Поп и царь в сказках Пушкина ( "Поп - толоконный лоб и служитель его Балда" и "Сказка о Золотом Петушке")одинаковую получают расплату за свою ленивую сонную, эгоистичную и лукавую жизнь. Они сошли с общей со своими ближними Родовой Стези, рикрываясь чуждой "своему" народу верой и "библейским первородством" отделили себя стеной условностей, властью и изуверными обрядами от ближних, живут выморочной жизнью вне времени и пространства, - так живут, что им приходится силой и лукавством удерживать ближних вокруг себя – «охранять от нападений» реальной жизни с тем, чтобы продолжать самим спать или наслаждаться.
Но Время предъявляет счёт в лице старого звездочёта мудреца и его Золотого Петушка – Птицы Времени, или же поповского работника, умеющего служить Богу и людям во всём и тем самым изгонять нечистую силу, а значит и поповское и царское наваждение.

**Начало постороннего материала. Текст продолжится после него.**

(* t is the least value allowed by the prefix sums of lengths 5, 6, 7 and by a7; the hypotheses
   are the inequalities of P1 for six particular \<delta> and \<mu>. *)
lemma split_parameter_exists:
  fixes a0 a1 a2 a3 a4 a5 a6 a7 :: real
  assumes sorted: "a1 \<le> a0" "a2 \<le> a1" "a3 \<le> a2" "a4 \<le> a3" "a5 \<le> a4" "a6 \<le> a5" "a7 \<le> a6"
    and total: "a0 + a1 + a2 + a3 + a4 + a5 + a6 + a7 = 2"
    and ineqs: "a0 - a7 \<le> 1" "a0 + a1 + a2 + a3 \<le> 2" "a0 \<le> 1" "- 1/2 \<le> a7"
      "a0 + a1 + a2 - a7 \<le> 2" "2 * a0 + a1 + a2 + a3 + a4 \<le> 3"
  obtains t where "0 \<le> t" "t \<le> 1" "- t/2 \<le> a7" "a0 \<le> 1 - t/2"
    "\<And>k. k \<le> 8 \<Longrightarrow> sum_list (take k (map (\<lambda>a. a - t/2) [a0, a1, a2, a3, a4, a5, a6, a7])) \<le> 2 - 2 * t"
    "\<And>k. k \<le> 8 \<Longrightarrow> sum_list (take k (map (\<lambda>a. a + 3 * t/2 - 1) [a0, a1, a2, a3, a4, a5, a6, a7])) \<le> 6 * t"
proof
  define t where "t = max (max (max (max 0 (- 2 * a7)) (2 * a0 + 2 * a1 + 2 * a2 + 2 * a3 + 2 * a4 - 4))
    (a0 + a1 + a2 + a3 + a4 + a5 - 2)) (2/3 * a0 + 2/3 * a1 + 2/3 * a2 + 2/3 * a3 + 2/3 * a4 + 2/3 * a5 + 2/3 * a6 - 4/3)"
  have lower: "0 \<le> t" "- 2 * a7 \<le> t" "2 * a0 + 2 * a1 + 2 * a2 + 2 * a3 + 2 * a4 - 4 \<le> t"
    "a0 + a1 + a2 + a3 + a4 + a5 - 2 \<le> t"
    "2/3 * a0 + 2/3 * a1 + 2/3 * a2 + 2/3 * a3 + 2/3 * a4 + 2/3 * a5 + 2/3 * a6 - 4/3 \<le> t"
    unfolding t_def by auto
  have upper: "t \<le> 1" "t \<le> 2 - 2 * a0" "t \<le> 4/3 - 2/3 * a0" "t \<le> 2 - a0 - a1"
    "t \<le> 4 - 2 * a0 - 2 * a1 - 2 * a2"
    unfolding t_def max.bounded_iff using assms by (intro conjI; (simp | smt (z3)))+
  have prefix_low: "0 \<le> 2 - 2 * t" "a0 \<le> 2 - 3/2 * t" "a0 + a1 \<le> 2 - t" "a0 + a1 + a2 \<le> 2 - t/2"
    "a0 + a1 + a2 + a3 \<le> 2" "a0 + a1 + a2 + a3 + a4 \<le> 2 + t/2" "a0 + a1 + a2 + a3 + a4 + a5 \<le> 2 + t"
    "a0 + a1 + a2 + a3 + a4 + a5 + a6 \<le> 2 + 3/2 * t" "a0 + a1 + a2 + a3 + a4 + a5 + a6 + a7 \<le> 2 + 2 * t"
    using lower upper ineqs(2) total by linarith+
  have prefix_up: "0 \<le> 6 * t" "a0 \<le> 1 + 9/2 * t" "a0 + a1 \<le> 2 + 3 * t" "a0 + a1 + a2 \<le> 3 + 3/2 * t"
    "a0 + a1 + a2 + a3 \<le> 4" "a0 + a1 + a2 + a3 + a4 \<le> 5 - 3/2 * t" "a0 + a1 + a2 + a3 + a4 + a5 \<le> 6 - 3 * t"
    "a0 + a1 + a2 + a3 + a4 + a5 + a6 \<le> 7 - 9/2 * t" "a0 + a1 + a2 + a3 + a4 + a5 + a6 + a7 \<le> 8 - 6 * t"
    using lower upper ineqs(3,4) sorted total by linarith+
  show "0 \<le> t" "t \<le> 1" "- t/2 \<le> a7" "a0 \<le> 1 - t/2"
    using lower upper by linarith+
  show "sum_list (take k (map (\<lambda>a. a - t/2) [a0, a1, a2, a3, a4, a5, a6, a7])) \<le> 2 - 2 * t"
    if "k \<le> 8" for k
    using that prefix_low by (cases rule: nat_le_8_cases; simp; linarith)
  show "sum_list (take k (map (\<lambda>a. a + 3 * t/2 - 1) [a0, a1, a2, a3, a4, a5, a6, a7])) \<le> 6 * t"
    if "k \<le> 8" for k
    using that prefix_up by (cases rule: nat_le_8_cases; simp; linarith)
qed

lemma obtain_decreasing_enumeration:
  fixes f :: "'a::finite \<Rightarrow> real"
  obtains xs where "distinct xs" "set xs = UNIV" "sorted_wrt (\<lambda>i j. f j \<le> f i) xs"
proof -
  obtain ys :: "'a list" where ys: "set ys = UNIV" "distinct ys"
    using finite_distinct_list[of "UNIV :: 'a set"] by auto
  have "sorted (map (\<lambda>i. - f i) (sort_key (\<lambda>i. - f i) ys))"
    by (rule sorted_sort_key)
  then have "sorted_wrt (\<lambda>i j. f j \<le> f i) (sort_key (\<lambda>i. - f i) ys)"
    by (simp add: sorted_map)
  with ys show ?thesis
    by (intro that[of "sort_key (\<lambda>i. - f i) ys"]) simp_all
qed

lemma Lambda_E8_if_Ints: "(\<forall>k. v $ k \<in> \<int>) \<Longrightarrow> v \<in> Lambda_E8"
  and Lambda_E8_if_half_Ints: "(\<forall>k. v $ k - 1/2 \<in> \<int>) \<Longrightarrow> v \<in> Lambda_E8"
  by (simp_all add: Lambda_E8_def)

lemma axis_diff_mem_R_E7: "i \<noteq> j \<Longrightarrow> axis i 1 - axis j 1 \<in> R_E7"
  by (auto simp: R_E7_def R_E8_def inner_diff intro!: Lambda_E8_if_Ints)

lemma four_axes_minus_rho_mem_R_E7:
  "distinct [i, j, k, l] \<Longrightarrow> axis i 1 + axis j 1 + axis k 1 + axis l 1 - rho \<in> R_E7"
  by (auto simp: R_E7_def R_E8_def inner_diff inner_add intro!: Lambda_E8_if_half_Ints)

lemma two_axis_mem_norm4_vectors: "2 *\<^sub>R axis i 1 \<in> norm4_vectors"
  by (auto simp: norm4_vectors_def intro!: Lambda_E8_if_Ints)

lemma rho_minus_two_axis_mem_norm4_vectors: "rho - 2 *\<^sub>R axis i 1 \<in> norm4_vectors"
  by (auto simp: norm4_vectors_def inner_diff intro!: Lambda_E8_if_half_Ints)

lemma three_axes_minus_axis_mem_norm4_vectors:
  "distinct [i, j, k, l] \<Longrightarrow> axis i 1 + axis j 1 + axis k 1 - axis l 1 \<in> norm4_vectors"
  by (auto simp: norm4_vectors_def inner_diff inner_add intro!: Lambda_E8_if_Ints)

Эти две сказки «Поп – толоконный лоб и служитель его Балда» и написанный позже, после подачи Пушкиным царю прошения об отставке «Золотой Петушок» следует читать вместе, они об одном и том же: эгоизме и лицемерии, и «духовной» и мирской власти.
Из этих сказок прямо следует, что Пушкин был против царской и церковной власти, против самодержавия и чуждой народу «веры», унижающей и закабаляющей русский народ.
Но то, что Пушкин понимает Время, яко карающее грех, вершащее последний правый суд и несущее справедливое воздаяние Начало, - говорит недвусмысленно о его глубочайшей Вере в победу добра, о совершенстве Веры самого великого поэта в Бога Живаго, любящего лучшее в человеке и заботящегося о нём. Недаром Александр Сергеевич, обращаясь непосредственно к Богу, молится искренне : "Владыко дней моих!" Такой воистину горячей Верой, которая сочеталась в нём с светлой надеждой на будущее и искренней любовью к ближним, мог обладать только Пушкин:
Внемлите Истине, цари
Ни наказанья, ни награды,
Ни мрак темниц, ни алтари
Не верные для вас ограды.
Склонитесь первые главой
Под сень надёжную Закона,
И станут вечной стражей трона
Народов вольность и покой (1817).
Как видим, уже в 18 лет юный поэт воспринимал церковную ограду в одном ряду с темницами и наказаниями и не почитал возможным делать кому-либо исключение в исполнении Родового Закона, пред которым равны все безо всякого исключения.
И такое понимание Истины и Закона соответствует Евангельскому:
« И отцом себе не называйте никого на земле, ибо один у вас Отец, Который на Небесах. … Больший из вас да будет вам слуга».
Юный поэт ведал, что именно Евангельское понимание - есть истинно православное, но не языческие ухищрения апостола Павла, «освящавшего» монархическое любоначалие «Удерживающего», потому и пишет, что и церковные алтари не надёжная ограда для царей.
О том, куда может завести царя человеческое извращение, узнаём из стихотворения о ядовитом древе «Анчар», таком же противоестественном и смертоносном как царская власть,
«ядом напитавшая послушливые стрелы и с ними гибель разославшая к соседям», но пред тем «пославшая властным взглядом» своего «раба» к «древу яда», … « и умер бедный раб у ног непобедимого владыки».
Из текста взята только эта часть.